A few non-obvious design decisions worth highlighting:
* **Status-prefixed tool returns.** Every `@Tool` returns a string starting with `OK | TAPPED | VISIBLE | NOT_VISIBLE | NOT_FOUND | AMBIGUOUS | ERROR | TIMEOUT`. The LLM is told (in the system prompt) to pattern-match the prefix to decide its next move. This is far cheaper and more reliable than asking the model to interpret free-form text from `adb`. See the constant convention in [MobileTestTools.kt](../src/main/kotlin/agent/tool/mobile/test/MobileTestTools.kt).
* **Device serial pinning.** With multiple ADB devices attached, every `adb` call routes through `AdbUtils.runAdb()`, which injects `-s ` after `connectDevice()` selects one. Prevents "more than one device" ambiguity errors mid-test.
* **History compression threshold = 8000 tokens.** The original 1000-token threshold caused compression on virtually every tool call, destroying step-by-step memory. See the comment in [TestingStrategy.kt:9](../src/main/kotlin/agent/strategy/TestingStrategy.kt).

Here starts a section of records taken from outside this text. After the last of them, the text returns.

text \<open>Distribution of the total number of queries of the modified multi-phase
  process, considering the elements in the order of the list; it stops as soon
  as an element passes all tests (or when the elements are exhausted).\<close>
fun process_cost ::
  "real \<Rightarrow> real \<Rightarrow> nat \<Rightarrow> ('a \<Rightarrow> real) \<Rightarrow> ('a \<Rightarrow> real) \<Rightarrow> 'a list \<Rightarrow> nat pmf" where
  "process_cost p1 p2 n q1 q2 [] = return_pmf 0"
| "process_cost p1 p2 n q1 q2 (x # xs) =
     run_tests (elem_tests p1 p2 n q1 q2 x) \<bind> (\<lambda>(c, ok).
       if ok then return_pmf c else map_pmf (\<lambda>d. c + d) (process_cost p1 p2 n q1 q2 xs))"

text \<open>S^-_rho: the ceil(rho |S|) smallest elements of S; S^+_rho its complement in S.\<close>
definition lower_part :: "real \<Rightarrow> 'a::linorder set \<Rightarrow> 'a set" where
  "lower_part \<rho> S = {x \<in> S. card {y \<in> S. y < x} < nat \<lceil>\<rho> * real (card S)\<rceil>}"

definition upper_part :: "real \<Rightarrow> 'a::linorder set \<Rightarrow> 'a set" where
  "upper_part \<rho> S = S - lower_part \<rho> S"

end

theory Submission
  imports Defs
begin

text \<open>Every element x either lies in S^+_{1/3}, where by Hoeffding's inequality it
  passes the preliminary test with probability at most 1/n, or in S^-_{1/3}, where the
  i-th later test fails with probability at most 2^-(i+1), so that once x has passed the
  preliminary test it is returned with probability at least 1/2. Let T = O(n) be the total
  size of the later tests and P the size of the preliminary test. In both cases the
  expected cost of examining x is at most P + T/n + 2T \<pi>(x), where \<pi>(x) is the probability
  that x is returned. The term 2T \<pi>(x) is paid at most once in expectation, since the
  process stops at the first returned element; hence the expected total cost is at most
  |S'| (P + T/n) + 2T = O(n).\<close>

lemma expectation_bind_pmf_finite:
  fixes f :: "'b \<Rightarrow> real"
  assumes fin: "finite (set_pmf M)" and finN: "\<And>x. x \<in> set_pmf M \<Longrightarrow> finite (set_pmf (N x))"
    and nonneg: "\<And>y. 0 \<le> f y"
  shows "measure_pmf.expectation (bind_pmf M N) f
       = measure_pmf.expectation M (\<lambda>x. measure_pmf.expectation (N x) f)"
proof -
  have "ennreal (measure_pmf.expectation (bind_pmf M N) f) = (\<integral>\<^sup>+y. f y \<partial>bind_pmf M N)"
    using fin finN nonneg
    by (intro nn_integral_eq_integral[symmetric] integrable_measure_pmf_finite)
       (auto simp: set_bind_pmf)
  also have "\<dots> = (\<integral>\<^sup>+x. \<integral>\<^sup>+y. f y \<partial>N x \<partial>M)"
    by simp
  also have "\<dots> = (\<integral>\<^sup>+x. measure_pmf.expectation (N x) f \<partial>M)"
    using finN nonneg
    by (intro nn_integral_cong_AE)
       (auto simp: AE_measure_pmf_iff intro!: nn_integral_eq_integral integrable_measure_pmf_finite)
  also have "\<dots> = measure_pmf.expectation M (\<lambda>x. measure_pmf.expectation (N x) f)"
    using fin nonneg
    by (intro nn_integral_eq_integral integrable_measure_pmf_finite)
       (auto intro!: integral_nonneg_AE)
  finally show ?thesis
    using nonneg by (simp add: integral_nonneg_AE)
qed

lemma expectation_bool_pmf:
  fixes g :: "bool \<Rightarrow> real"
  shows "measure_pmf.expectation M g = pmf M True * g True + (1 - pmf M True) * g False"
  by (subst integral_measure_pmf_real[where A = UNIV]) (auto simp: UNIV_bool pmf_False_conv_True)

lemma finite_set_pmf_majority_test: "finite (set_pmf (majority_test N q))"
  by (rule finite_subset[of _ UNIV]) auto

lemma finite_set_pmf_run_tests: "finite (set_pmf (run_tests ts))"
  by (induction ts rule: run_tests.induct)
     (auto simp: set_bind_pmf finite_set_pmf_majority_test)

lemma finite_set_pmf_process_cost: "finite (set_pmf (process_cost p1 p2 n q1 q2 xs))"
  by (induction xs) (auto simp: set_bind_pmf finite_set_pmf_run_tests split: if_splits)

definition expected_tests_cost :: "(nat \<times> real) list \<Rightarrow> real" where
  "expected_tests_cost ts = measure_pmf.expectation (run_tests ts) (\<lambda>r. real (fst r))"

definition tests_pass_prob :: "(nat \<times> real) list \<Rightarrow> real" where
  "tests_pass_prob ts = measure_pmf.expectation (run_tests ts) (\<lambda>r. if snd r then 1 else 0)"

* **`startTestingScenario` launches via `monkey`, then verifies foreground.** Force-stops any stale instance, wakes the screen, dismisses the keyguard, then launches with `monkey -p -c android.intent.category.LAUNCHER 1` and re-reads `dumpsys activity top` to confirm the package is foreground. Retries once. See [AdbUtils.launchAndVerify](../src/main/kotlin/agent/tool/mobile/test/utils/AdbUtils.kt).
* **`hideKeyboard` uses `KEYCODE_BACK` (4), not `KEYCODE_ESCAPE` (111).** Empirically, ESC leaves the keyboard up on the target device; BACK dismisses it on first press. Documented inline.